Ingresamos y pude ver a cientos de latinoamericanos apiñados en la casa parroquial tratando de ver un espectáculo de danza desarrollado al pie de una tarima, al fondo de la sala. Poco a poco nos acercamos, de tal modo que desde mi pequeña estatura, pudiera disfrutar del baile andino. Además de los bailarines vistiendo coloridos trajes indios, me llamó la atención un señor gordo que lucía un sombrero de cowboy. Este tipo que reía escandaloso e interrumpía el espectáculo con sus gritos y comentarios vulgares, era a la vez reverenciado por todos. Su imagen me transportó a las fotografías de capataces serranos que alguna vez vi en los viejos álbumes de mi abuelo. Después supe que era el embajador.
También me sorprendió la larga fila de personas empujándose, reclamando por algo y que blandiendo un ticket se dirigían lentamente hacia una mesa que repartía viandas.
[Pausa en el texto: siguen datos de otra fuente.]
(* Let $p:\mathcal{Q}\to\mathcal{C}$ be a functor of categories. If $p$ is ULF, then the functor of operads $\mathcal{W}(p):\mathcal{W}(\mathcal{Q})\to\mathcal{W}(\mathcal{C})$ is ULF; and if $p$ is finitary, then $\mathcal{W}(p)$ is finitary.
   Context: Composition in categories is written diagrammatically. Operads are colored (non-symmetric) operads/multicategories: operations $f:A_1,\dots,A_n\to A$ with partial compositions $g\circ_i h$ (plugging $h$ into the $i$-th input of $g$) and identities. For a category $\mathcal{C}$, the operad of spliced arrows $\mathcal{W}(\mathcal{C})$ has as colors pairs $(A,B)$ of objects of $\mathcal{C}$; an $n$-ary operation $(A_1,B_1),\dots,(A_n,B_n)\to(A,B)$ is a sequence $w_0\text{-}w_1\text{-}\cdots\text{-}w_n$ of arrows $w_0:A\to A_1$, $w_i:B_i\to A_{i+1}$ for $1\le i<n$, and $w_n:B_n\to B$ (for $n=0$, a single arrow $w_0:A\to B$, so constants of color $(A,B)$ are arrows $A\to B$). Partial composition is $(w_0\text{-}\cdots\text{-}w_n)\circ_i(u_0\text{-}\cdots\text{-}u_m)=w_0\text{-}\cdots\text{-}w_{i-2}\text{-}(w_{i-1}u_0)\text{-}u_1\text{-}\cdots\text{-}u_{m-1}\text{-}(u_m w_i)\text{-}w_{i+1}\text{-}\cdots\text{-}w_n$, and the identity on $(A,B)$ is $\mathrm{id}_A\text{-}\mathrm{id}_B$. For a functor $p$, $\mathcal{W}(p)$ sends $(q,q')\mapsto(p(q),p(q'))$ and $w_0\text{-}\cdots\text{-}w_n\mapsto p(w_0)\text{-}\cdots\text{-}p(w_n)$. A functor of categories $p$ is ULF if for every arrow $\alpha$ and arrows $u,v$ with $p(\alpha)=uv$ there is a unique pair $\beta,\gamma$ with $\alpha=\beta\gamma$, $p(\beta)=u$, $p(\gamma)=v$. A functor of operads $p:\mathcal{D}\to\mathcal{O}$ is ULF if for every operation $\alpha$ of $\mathcal{D}$ and operations $g,h$ of $\mathcal{O}$ and index $i$ with $p(\alpha)=g\circ_i h$ there is a unique pair of operations $\beta,\gamma$ of $\mathcal{D}$ with $\alpha=\beta\circ_i\gamma$, $p(\beta)=g$, $p(\gamma)=h$. A functor (of categories or operads) is finitary if the fiber over each object/color and the fiber over each arrow/operation is finite. *)

theory Defs
  imports Main
begin

record ('o,'a) cat =
  Ob   :: "'o set"
  Ar   :: "'a set"
  dom  :: "'a \<Rightarrow> 'o"
  cod  :: "'a \<Rightarrow> 'o"
  comp :: "'a \<Rightarrow> 'a \<Rightarrow> 'a"   (* comp C f g = f g : first f, then g; needs cod f = dom g *)
  ide  :: "'o \<Rightarrow> 'a"

definition category :: "('o,'a) cat \<Rightarrow> bool" where
  "category C \<longleftrightarrow>
     (\<forall>f\<in>Ar C. dom C f \<in> Ob C \<and> cod C f \<in> Ob C) \<and>
     (\<forall>f\<in>Ar C. \<forall>g\<in>Ar C. cod C f = dom C g \<longrightarrow>
        comp C f g \<in> Ar C \<and> dom C (comp C f g) = dom C f \<and> cod C (comp C f g) = cod C g) \<and>
     (\<forall>f\<in>Ar C. \<forall>g\<in>Ar C. \<forall>h\<in>Ar C. cod C f = dom C g \<longrightarrow> cod C g = dom C h \<longrightarrow>
        comp C (comp C f g) h = comp C f (comp C g h)) \<and>
     (\<forall>A\<in>Ob C. ide C A \<in> Ar C \<and> dom C (ide C A) = A \<and> cod C (ide C A) = A) \<and>
     (\<forall>f\<in>Ar C. comp C (ide C (dom C f)) f = f \<and> comp C f (ide C (cod C f)) = f)"

definition is_functor :: "('o1,'a1) cat \<Rightarrow> ('o2,'a2) cat \<Rightarrow> ('o1 \<Rightarrow> 'o2) \<Rightarrow> ('a1 \<Rightarrow> 'a2) \<Rightarrow> bool" where
  "is_functor Q C pO pA \<longleftrightarrow> category Q \<and> category C \<and>
     (\<forall>A\<in>Ob Q. pO A \<in> Ob C) \<and>
     (\<forall>f\<in>Ar Q. pA f \<in> Ar C \<and> dom C (pA f) = pO (dom Q f) \<and> cod C (pA f) = pO (cod Q f)) \<and>
     (\<forall>f\<in>Ar Q. \<forall>g\<in>Ar Q. cod Q f = dom Q g \<longrightarrow> pA (comp Q f g) = comp C (pA f) (pA g)) \<and>
     (\<forall>A\<in>Ob Q. pA (ide Q A) = ide C (pO A))"

definition functor_ULF :: "('o1,'a1) cat \<Rightarrow> ('o2,'a2) cat \<Rightarrow> ('a1 \<Rightarrow> 'a2) \<Rightarrow> bool" where
  "functor_ULF Q C pA \<longleftrightarrow>
     (\<forall>\<alpha>\<in>Ar Q. \<forall>u\<in>Ar C. \<forall>v\<in>Ar C. cod C u = dom C v \<longrightarrow> pA \<alpha> = comp C u v \<longrightarrow>
        (\<exists>!(\<beta>,\<gamma>). \<beta> \<in> Ar Q \<and> \<gamma> \<in> Ar Q \<and> cod Q \<beta> = dom Q \<gamma> \<and>
                  \<alpha> = comp Q \<beta> \<gamma> \<and> pA \<beta> = u \<and> pA \<gamma> = v))"

definition functor_finitary :: "('o1,'a1) cat \<Rightarrow> ('o2,'a2) cat \<Rightarrow> ('o1 \<Rightarrow> 'o2) \<Rightarrow> ('a1 \<Rightarrow> 'a2) \<Rightarrow> bool" where
  "functor_finitary Q C pO pA \<longleftrightarrow>
     (\<forall>X\<in>Ob C. finite {Y\<in>Ob Q. pO Y = X}) \<and>
     (\<forall>f\<in>Ar C. finite {g\<in>Ar Q. pA g = f})"

text \<open>An operation o has list of input colors ins o (length = arity) and output color out o.
  pcomp g i h is the partial composition g \<circ>_i h, with inputs indexed 1..n.\<close>
record ('c,'op) operad =
  Col   :: "'c set"
  Ops   :: "'op set"
  ins   :: "'op \<Rightarrow> 'c list"
  out   :: "'op \<Rightarrow> 'c"
  pcomp :: "'op \<Rightarrow> nat \<Rightarrow> 'op \<Rightarrow> 'op"
  oid   :: "'c \<Rightarrow> 'op"

definition composable :: "('c,'op) operad \<Rightarrow> 'op \<Rightarrow> nat \<Rightarrow> 'op \<Rightarrow> bool" where
  "composable P g i h \<longleftrightarrow> g \<in> Ops P \<and> h \<in> Ops P \<and> 1 \<le> i \<and> i \<le> length (ins P g) \<and>
     ins P g ! (i - 1) = out P h"

definition operad_functor_ULF ::
  "('c1,'op1) operad \<Rightarrow> ('c2,'op2) operad \<Rightarrow> ('op1 \<Rightarrow> 'op2) \<Rightarrow> bool" where
  "operad_functor_ULF D P pOp \<longleftrightarrow>
     (\<forall>\<alpha>\<in>Ops D. \<forall>g h i. composable P g i h \<longrightarrow> pOp \<alpha> = pcomp P g i h \<longrightarrow>
        (\<exists>!(\<beta>,\<gamma>). composable D \<beta> i \<gamma> \<and> \<alpha> = pcomp D \<beta> i \<gamma> \<and> pOp \<beta> = g \<and> pOp \<gamma> = h))"

definition operad_functor_finitary ::
  "('c1,'op1) operad \<Rightarrow> ('c2,'op2) operad \<Rightarrow> ('c1 \<Rightarrow> 'c2) \<Rightarrow> ('op1 \<Rightarrow> 'op2) \<Rightarrow> bool" where
  "operad_functor_finitary D P pC pOp \<longleftrightarrow>
     (\<forall>c\<in>Col P. finite {d\<in>Col D. pC d = c}) \<and>
     (\<forall>y\<in>Ops P. finite {x\<in>Ops D. pOp x = y})"

text \<open>An n-ary operation w0-w1-...-wn is the nonempty list [w0,...,wn] of arrows;
  its i-th input color (1 \<le> i \<le> n) is (cod w_{i-1}, dom w_i), its output color (dom w0, cod wn).\<close>
definition splice_comp :: "('o,'a) cat \<Rightarrow> 'a list \<Rightarrow> nat \<Rightarrow> 'a list \<Rightarrow> 'a list" where
  "splice_comp C w i u =
     take (i - 1) w @
     (if length u = 1 then [comp C (comp C (w ! (i - 1)) (hd u)) (w ! i)]
      else [comp C (w ! (i - 1)) (hd u)] @ butlast (tl u) @ [comp C (last u) (w ! i)]) @
     drop (i + 1) w"

definition W :: "('o,'a) cat \<Rightarrow> ('o \<times> 'o, 'a list) operad" where
  "W C = \<lparr> Col = Ob C \<times> Ob C,
           Ops = {w. w \<noteq> [] \<and> set w \<subseteq> Ar C},
           ins = (\<lambda>w. map (\<lambda>j. (cod C (w ! j), dom C (w ! (Suc j)))) [0..<length w - 1]),
           out = (\<lambda>w. (dom C (hd w), cod C (last w))),
           pcomp = splice_comp C,
           oid = (\<lambda>(A,B). [ide C A, ide C B]) \<rparr>"

definition W_col :: "('o1 \<Rightarrow> 'o2) \<Rightarrow> 'o1 \<times> 'o1 \<Rightarrow> 'o2 \<times> 'o2" where
  "W_col pO = (\<lambda>(q,q'). (pO q, pO q'))"

definition W_op :: "('a1 \<Rightarrow> 'a2) \<Rightarrow> 'a1 list \<Rightarrow> 'a2 list" where
  "W_op pA = map pA"

end

theory Submission
  imports Defs
begin

text \<open>
  A spliced arrow lying over a composite g \<circ>_i h agrees with g outside a single block, in
  which only the two end entries are composites, w_(i-1) u_0 and u_m w_i (or the single entry
  w_(i-1) u_0 w_i when h is a constant). Hence a lift of the composite along W(p) factors uniquely
  as soon as these two binary factorizations (resp. this ternary one) lift uniquely along p,
  which is what ULF provides. Finitarity holds because a fibre of W(p) consists of lists of
  fixed length with entries in finite fibres of p.
\<close>

lemma category_comp_arr:
  assumes "category C" "f \<in> Ar C" "g \<in> Ar C" "cod C f = dom C g"
  shows "comp C f g \<in> Ar C" "dom C (comp C f g) = dom C f" "cod C (comp C f g) = cod C g"
  using assms by (simp_all add: category_def)

lemma functor_arr: "is_functor Q C pO pA \<Longrightarrow> f \<in> Ar Q \<Longrightarrow> pA f \<in> Ar C"
  by (simp add: is_functor_def)

lemma functor_cod_dom:
  "is_functor Q C pO pA \<Longrightarrow> f \<in> Ar Q \<Longrightarrow> g \<in> Ar Q \<Longrightarrow> cod Q f = dom Q g \<Longrightarrow>
     cod C (pA f) = dom C (pA g)"
  by (simp add: is_functor_def)

lemma functor_comp:
  "is_functor Q C pO pA \<Longrightarrow> f \<in> Ar Q \<Longrightarrow> g \<in> Ar Q \<Longrightarrow> cod Q f = dom Q g \<Longrightarrow>
     pA (comp Q f g) = comp C (pA f) (pA g)"
  by (simp add: is_functor_def)

lemma ULF_lift:
  assumes "functor_ULF Q C pA" "a \<in> Ar Q" "u \<in> Ar C" "v \<in> Ar C" "cod C u = dom C v"
    and "pA a = comp C u v"
  obtains b c where "b \<in> Ar Q" "c \<in> Ar Q" "cod Q b = dom Q c" "a = comp Q b c"
    "pA b = u" "pA c = v"
  using assms unfolding functor_ULF_def by blast

lemma ULF_factorization_unique:
  assumes F: "is_functor Q C pO pA" and U: "functor_ULF Q C pA"
    and b: "b \<in> Ar Q" "c \<in> Ar Q" "cod Q b = dom Q c"
    and b': "b' \<in> Ar Q" "c' \<in> Ar Q" "cod Q b' = dom Q c'"
    and eq: "comp Q b c = comp Q b' c'" "pA b = pA b'" "pA c = pA c'"
  shows "b = b' \<and> c = c'"
proof -
  have cQ: "category Q" using F by (simp add: is_functor_def)
  have "\<exists>!(\<beta>, \<gamma>). \<beta> \<in> Ar Q \<and> \<gamma> \<in> Ar Q \<and> cod Q \<beta> = dom Q \<gamma> \<and>
      comp Q b c = comp Q \<beta> \<gamma> \<and> pA \<beta> = pA b \<and> pA \<gamma> = pA c"
    using U[unfolded functor_ULF_def, rule_format, OF category_comp_arr(1)[OF cQ b]
        functor_arr[OF F b(1)] functor_arr[OF F b(2)] functor_cod_dom[OF F b] functor_comp[OF F b]] .
  then have "(b, c) = (b', c')"
    using b b' eq by (simp add: Ex1_def) metis
  then show ?thesis by simp
qed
Por mi padre supe, que los que hacían la fila accederían a un plato típico gratuito. Inocentemente comenté que sería más fácil, si se acercaran uno a uno, tomaran una porción de viandas y volvieran a sentarse. Mi padre solamente sonrío. Años después supe que su sonrisa subrayaba mi ingenuidad, pues si en ese espacio se aplicaba mi método, el primero en llegar se apoderaba de todas las viandas que podía.
Por el caluroso local, paseaban abanicándose las funcionarias de la embajada, todas pintadas el cabello de rubio, todas evitando con cortesía a los asistentes: humildes migrantes limpiadores de oficinas, cuidadoras de niños y viejos ingleses, albañiles... A veces les sonreían, pero a toda costa rechazaban el saludo con apretón de manos. Una se nos acercó y nos preguntó en inglés si es que mi madre era sudamericana, mi padre le respondió en español que él era su coterráneo y segundos después, con una hipócrita mueca, y como si no tuvieran temas en común, la rubia se separó de nosotros. Ahora estoy seguro que ella vino hasta nosotros solo porque mis rasgos nórdicos contrastaban con el resto de asistentes.
El maestro de ceremonias anunció la llegada de dos estrellas del fútbol que, según dijo: "jugaban en ese paraíso que es la primera división de la liga inglesa". El anuncio emocionó a los niños, quiénes chanceaban alegres, esperando a sus ídolos. Tenían listas las cámaras soñando en la imágen con su estrella deportiva, las libretas abiertas y los lápices aguzados, para los autógrafos. Arribaron los “ídolos de ébano” rodeados de seis gigantes guardaespaldas blancos, los que se abrieron paso a empujones. Uno de los chiquilines quiso asir la mano de un futbolista y éste se la retiró con asco, mientras en el podio el capataz-embajador, que con sus comentarios revivía las previas de un pugilato, les esperaba con los brazos abiertos. El chico rompió en llanto, su madre en impotentes comentarios rabiosos y mi padre avergonzado de otro capítulo de esa "conmemoración patria", me preguntó si quería regresar al hotel.
En la tarima, los futbolistas y el embajador bailaban reaguetón con algunas de las rubias funcionarias. Entendí que luego se rifarían dos camisetas autografiadas del “Birmingham City”, el equipo para el que jugaban los vanidosos futbolistas, quiénes en la tarima seguían actuando como machos alfa. Para entonces, ya estábamos en el metro cuyo bullicio contrastó con el silencio de mi padre.